British playwright and television writer

Morgan Lloyd Malcolm (born 1980) is an Olivier-winning British playwright and screenwriter.

==Early life and education==
Morgan Lloyd Malcolm was born in Westminster, London, and grew up in London. She is the daughter of actor and West End producer Christopher Malcolm and actress Judy Lloyd. She attended Goldsmiths, University of London.

==Career==
Malcolm's first play, Fanny and Madge, was produced on the Edinburgh Festival Fringe in 2002 and then transferred to the Old Red Lion in Islington for a three-week run.

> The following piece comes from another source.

(* Let $n,k\ge 1$. Let $\mathbf{X}\in\mathbb{R}^{n\times k}$ be a fixed (non-random) matrix, let $\mathbf{D}\in\mathbb{R}^{n\times n}$ be a positive definite diagonal matrix, and let $\mathbf{F},\mathbf{V},\mathbf{\Omega}\in\mathbb{R}^{k\times k}$ be positive definite matrices, and $\boldsymbol{\xi}\in\mathbb{R}^k$. Consider the hierarchical Gaussian model \begin{itemize} \item $\boldsymbol{\theta}\sim N(\boldsymbol{\xi},\mathbf{V})$ (prior on the factor risk premia $\boldsymbol{\theta}=\boldsymbol{\mu}_f\in\mathbb{R}^k$); \item $\mathbf{q}\mid\boldsymbol{\theta}\sim N(\boldsymbol{\theta},\mathbf{\Omega})$ (absolute views on the factor risk premia); \item $\mathbf{f}\mid\boldsymbol{\theta},\mathbf{q}\sim N(\boldsymbol{\theta},\mathbf{F})$ (factor returns, conditionally independent of $\mathbf{q}$ given $\boldsymbol{\theta}$); \item $\mathbf{r}\mid\mathbf{f},\boldsymbol{\theta},\mathbf{q}\sim N(\mathbf{X}\mathbf{f},\mathbf{D})$ (excess asset returns, conditionally independent of $(\boldsymbol{\theta},\mathbf{q})$ given $\mathbf{f}$). \end{itemize} Define $\mathbf{S}:=(\mathbf{V}^{-1}+\mathbf{\Omega}^{-1})^{-1}$, $\mathbb{E}(\mathbf{f}\mid\mathbf{q}):=\mathbf{S}(\mathbf{V}^{-1}\boldsymbol{\xi}+\mathbf{\Omega}^{-1}\mathbf{q})$ and $\mathrm{var}(\mathbf{f}\mid\mathbf{q}):=\mathbf{S}+\mathbf{F}$. Then the conditional (posterior predictive) distribution of $\mathbf{r}$ given $\mathbf{q}$ is multivariate normal with \[ \mathrm{var}(\mathbf{r}\mid\mathbf{q})=\Big[\mathbf{D}^{-1}-\mathbf{D}^{-1}\mathbf{X}\big[\mathbf{X}^T\mathbf{D}^{-1}\mathbf{X}+\mathrm{var}(\mathbf{f}\mid\mathbf{q})^{-1}\big]^{-1}\mathbf{X}^T\mathbf{D}^{-1}\Big]^{-1}, \] \[ \mathbb{E}(\mathbf{r}\mid\mathbf{q})=\mathrm{var}(\mathbf{r}\mid\mathbf{q})\,\mathbf{D}^{-1}\mathbf{X}\big[\mathbf{X}^T\mathbf{D}^{-1}\mathbf{X}+\mathrm{var}(\mathbf{f}\mid\mathbf{q})^{-1}\big]^{-1}\mathrm{var}(\mathbf{f}\mid\mathbf{q})^{-1}\,\mathbb{E}(\mathbf{f}\mid\mathbf{q}). \] Consequently, for a risk-aversion parameter $\gamma>0$, the unconstrained mean-variance optimal portfolio $\mathbf{h}^*\in\mathbb{R}^n$, i.e. the maximizer over $\mathbf{w}\in\mathbb{R}^n$ of $\mathbb{E}(\mathbf{w}'\mathbf{r}\mid\mathbf{q})-\frac{\gamma}{2}\mathrm{var}(\mathbf{w}'\mathbf{r}\mid\mathbf{q})$, equals $\gamma^{-1}\mathrm{var}(\mathbf{r}\mid\mathbf{q})^{-1}\mathbb{E}(\mathbf{r}\mid\mathbf{q})$ and is given by \[ \mathbf{h}^*=\gamma^{-1}\mathbf{D}^{-1}\mathbf{X}\big[\mathbf{X}^T\mathbf{D}^{-1}\mathbf{X}+\mathrm{var}(\mathbf{f}\mid\mathbf{q})^{-1}\big]^{-1}\mathrm{var}(\mathbf{f}\mid\mathbf{q})^{-1}\,\mathbb{E}(\mathbf{f}\mid\mathbf{q}). \]
   Context: This is the Black-Litterman model applied to an Arbitrage-Pricing-Theory style linear factor model ("BL-APT"): $\mathbf{r}$ is the vector of excess returns of $n$ assets over the next period, $\mathbf{X}$ the matrix of factor exposures of the $n$ assets to $k$ factors, $\mathbf{f}$ the latent factor return vector, $\boldsymbol{\theta}=\boldsymbol{\mu}_f$ its mean (factor risk premia), $\mathbf{q}$ a vector of $k$ absolute views on $\boldsymbol{\mu}_f$ with view uncertainty covariance $\mathbf{\Omega}$. The prime $'$ and superscript $T$ both denote transpose. Expectations and variances in the portfolio objective are taken with respect to the conditional distribution of $\mathbf{r}$ given the observed view $\mathbf{q}$. *)

theory Defs
  imports "HOL-Analysis.Analysis"
begin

Her early career included work with the Bush Theatre (50 Ways to Leave Your Lover at Christmas and Suddenlossofdignity.com, both of which saw five commissioned playwrights creating short pieces and sketches), the Old Vic (as part of Old Vic New Voices), and Hampstead Theatre (an extract from her play Eveline's Circle was performed at Hampstead Theatre's Start Night). She was a member of The Apathists and was also part of comedy troupe Trippplicate, writing and performing shows at Edinburgh. In 2009, the Lyric Hammersmith commissioned her to co-write their Christmas pantomime, Jack and the Beanstalk with Joel Horwood Che Walker and Richard Bean. Malcolm went on to write the Lyric Hammersmith's Christmas pantomime for the next three years with Joel Horwood. In 2020, she received a six-week attachment to the National Theatre Studio, and was commissioned by the Old Vic to co-write a community production.

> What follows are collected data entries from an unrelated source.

definition struc_top :: "struc topology" where
  "struc_top = product_topology (\<lambda>i. product_topology (\<lambda>xs. discrete_topology (UNIV :: bool set)) UNIV) UNIV"

definition baire_top :: "(nat \<Rightarrow> nat) topology" where
  "baire_top = product_topology (\<lambda>n. discrete_topology (UNIV :: nat set)) UNIV"

definition Id_learnable :: "sig \<Rightarrow> struc set \<Rightarrow> bool" where
  "Id_learnable \<sigma> K \<longleftrightarrow> (\<exists>\<Gamma> :: struc \<Rightarrow> (nat \<Rightarrow> nat).
      continuous_map (subtopology struc_top (LD \<sigma> K)) baire_top \<Gamma> \<and>
      (\<forall>S\<in>LD \<sigma> K. \<forall>S'\<in>LD \<sigma> K. iso S S' \<longleftrightarrow> \<Gamma> S = \<Gamma> S'))"

end

theory Submission
  imports Defs "HOL-Library.Nat_Bijection" "HOL-Combinatorics.Transposition"
begin

text \<open>A Fin-learner's final conjecture is locally constant on LD, so the index of the conjectured
  structure is a continuous complete invariant. Conversely, a continuous complete invariant into
  Baire space makes every isomorphism class closed in LD; a co-learner then dovetails over members
  of K and stages, naming a member as soon as no structure consistent with the data is isomorphic
  to it. For finite K a co-learner eventually has named all members but one, which a Fin-learner
  then outputs.

  The separations use finite successor chains with marked endpoints. Together with their limit,
  a ray, they form a family whose classes are clopen except for the ray's, which is closed but not
  open: Id- but not Fin-learnable. Adding a second ray, the limit of isomorphic copies of the
  chains, keeps all classes closed but leaves two non-isomorphic limits of isomorphic sequences,
  which no continuous invariant separates: co- but not Id-learnable.\<close>

lemma iso_refl: "iso S S"
  unfolding iso_def by (rule exI[of _ id]) simp

lemma iso_sym: "iso S S' \<Longrightarrow> iso S' S"
  unfolding iso_def
proof (elim exE conjE)
  fix f assume f: "bij f" "\<forall>i xs. S i xs \<longleftrightarrow> S' i (map f xs)"
  have "S' i xs \<longleftrightarrow> S i (map (inv f) xs)" for i xs
    using f by (simp add: bij_is_surj surj_f_inv_f map_idI)
  then show "\<exists>g. bij g \<and> (\<forall>i xs. S' i xs \<longleftrightarrow> S i (map g xs))"
    using bij_imp_bij_inv[OF f(1)] by blast
qed

lemma iso_trans: "iso S S' \<Longrightarrow> iso S' S'' \<Longrightarrow> iso S S''"
  unfolding iso_def
proof (elim exE conjE)
  fix f g assume "bij f" "\<forall>i xs. S i xs \<longleftrightarrow> S' i (map f xs)"
    and "bij g" "\<forall>i xs. S' i xs \<longleftrightarrow> S'' i (map g xs)"
  then show "\<exists>h. bij h \<and> (\<forall>i xs. S i xs \<longleftrightarrow> S'' i (map h xs))"
    by (intro exI[of _ "g \<circ> f"]) (simp add: bij_comp)
qed

lemma restr_restr: "t \<le> s \<Longrightarrow> restr (restr S s) t = restr S t"
  unfolding restr_def by (intro ext) (meson order_trans)

lemma restr_eq_mono: "restr S s = restr S' s \<Longrightarrow> t \<le> s \<Longrightarrow> restr S t = restr S' t"
  by (metis restr_restr)

lemma restr_eqD: "restr S s = restr S' s \<Longrightarrow> \<forall>x\<in>set xs. x \<le> s \<Longrightarrow> S i xs = S' i xs"
  unfolding restr_def by metis

lemma mem_LD_iff: "S \<in> LD \<sigma> K \<longleftrightarrow> is_struc \<sigma> S \<and> (\<exists>A\<in>K. iso S A)"
  unfolding LD_def by simp

lemma family_mem_LD: "family \<sigma> K \<Longrightarrow> A \<in> K \<Longrightarrow> A \<in> LD \<sigma> K"
  unfolding family_def mem_LD_iff using iso_refl by auto

lemma family_iso_unique:
  assumes "family \<sigma> K" "A \<in> K" "B \<in> K" "iso S A" "iso S B"
  shows "A = B"
proof -
  have "iso A B" using iso_trans[OF iso_sym[OF assms(4)] assms(5)] .
  then show ?thesis using assms(1-3) unfolding family_def by blast
qed


section \<open>The topology on structures\<close>

lemma topspace_struc_top [simp]: "topspace struc_top = UNIV"
  unfolding struc_top_def by simp

lemma topspace_baire_top [simp]: "topspace baire_top = UNIV"
  unfolding baire_top_def by simp

lemma Hausdorff_baire_top: "Hausdorff_space baire_top"
  unfolding baire_top_def by (simp add: Hausdorff_space_product_topology)

lemma continuous_map_atom: "continuous_map struc_top (discrete_topology UNIV) (\<lambda>S. S i xs)"
proof -
  have "continuous_map struc_top
      (product_topology (\<lambda>_. discrete_topology (UNIV :: bool set)) UNIV) (\<lambda>S. S i)"
    unfolding struc_top_def by (rule continuous_map_product_projection) simp
  moreover have "continuous_map (product_topology (\<lambda>_. discrete_topology (UNIV :: bool set)) UNIV)
      (discrete_topology UNIV) (\<lambda>T. T xs)"
    by (rule continuous_map_product_projection) simp
  ultimately show ?thesis using continuous_map_compose[unfolded o_def] by blast
qed

lemma openin_struc_top_atom: "openin struc_top {S. S i xs = b}"
  using openin_continuous_map_preimage[OF continuous_map_atom, of "{b}" i xs] by simp

text \<open>Within structures of a fixed finite signature, agreeing with S up to s is a condition on
  finitely many atoms, hence open.\<close>

lemma restr_neighbourhood:
  assumes "is_struc \<sigma> S"
  shows "\<exists>T. openin struc_top T \<and> S \<in> T \<and> (\<forall>S'\<in>T. is_struc \<sigma> S' \<longrightarrow> restr S' s = restr S s)"
proof -
  define F where "F = Sigma {..<length \<sigma>} (\<lambda>i. {xs. set xs \<subseteq> {..s} \<and> length xs = \<sigma> ! i})"
  have "finite F"
    unfolding F_def by (rule finite_SigmaI) (auto intro: finite_lists_length_eq)
  define T where "T = (\<Inter>(i, xs)\<in>F. {S'. S' i xs = S i xs}) \<inter> topspace struc_top"
  have "openin struc_top T"
    unfolding T_def using \<open>finite F\<close> openin_struc_top_atom by (intro openin_INT) auto
  moreover have "restr S' s = restr S s" if "S' \<in> T" "is_struc \<sigma> S'" for S'
    unfolding restr_def
  proof (intro ext)
    fix i xs
    show "(S' i xs \<and> (\<forall>x\<in>set xs. x \<le> s)) = (S i xs \<and> (\<forall>x\<in>set xs. x \<le> s))"
    proof (cases "(i, xs) \<in> F")
      case True
      then show ?thesis using \<open>S' \<in> T\<close> unfolding T_def by fastforce
    next
      case False
      then show ?thesis
        using \<open>is_struc \<sigma> S'\<close> assms unfolding F_def is_struc_def by auto
    qed
  qed
  ultimately show ?thesis unfolding T_def by auto
qed

text \<open>P holds on a basic neighbourhood of S in the space LD.\<close>

definition nearby :: "sig \<Rightarrow> struc set \<Rightarrow> struc \<Rightarrow> (struc \<Rightarrow> bool) \<Rightarrow> bool" where
  "nearby \<sigma> K S P \<longleftrightarrow> (\<exists>s. \<forall>S'\<in>LD \<sigma> K. restr S' s = restr S s \<longrightarrow> P S')"

definition locally_constant_LD :: "sig \<Rightarrow> struc set \<Rightarrow> (struc \<Rightarrow> 'a) \<Rightarrow> bool" where
  "locally_constant_LD \<sigma> K g \<longleftrightarrow> (\<forall>S\<in>LD \<sigma> K. nearby \<sigma> K S (\<lambda>S'. g S' = g S))"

Her first major stage production, in 2011, was Belongings which debuted at Hampstead Theatre before transferring to the Trafalgar Studios. Other stage play productions include The Wasp (Hampstead Theatre / West End), Emilia (Shakespeare's Globe / West End), Mum (Plymouth Theatre Royal / Soho Theatre) When The Long Trick's Over (HighTide / UK tour), and Typical Girls (Clean Break).

In 2023, she co-wrote the book for Cake, a musical celebrating the life of Marie Antoinette. Cake debuted at the Turbine Theatre before transferring to the West End. It is set to run at The Other Palace in September and October 2024.

Her first screen job was writing for the BBC3 pilot Killing Time, a series set in a women's prison. In 2023, she co-wrote the Netflix erotic thriller series Obsession. A screen adaptation of her stage play The Wasp was released in 2024, directed by Guillem Morales and starring Natalie Dormer and Naomie Harris. Malcolm is currently adapting Emilia for the screen.

In 2023, she was one of twelve screenwriters chosen for the BBC's Spotlight Scheme.

Malcolm co-founded and co-runs the female-led horror-themed theatre company Terrifying Women, alongside playwrights Abi Zakarian and Sampira.

Her plays are published by Methuen and by Nick Hern Books.

==Recognition and honours==

In 2020, Malcolm won her first Olivier Award, for Emilia (Best Entertainment or Comedy Play), the play also won Best Costume Design and Best Sound Design.

She has previously won a Fringe First Award, a Total Theatre Award for Innovation and Experimentation, and a Smiffie Award for Best Comedy, all for various Edinburgh Fringe Festival shows, also being nominated for the Edinburgh Writing Awards for Best Comedy.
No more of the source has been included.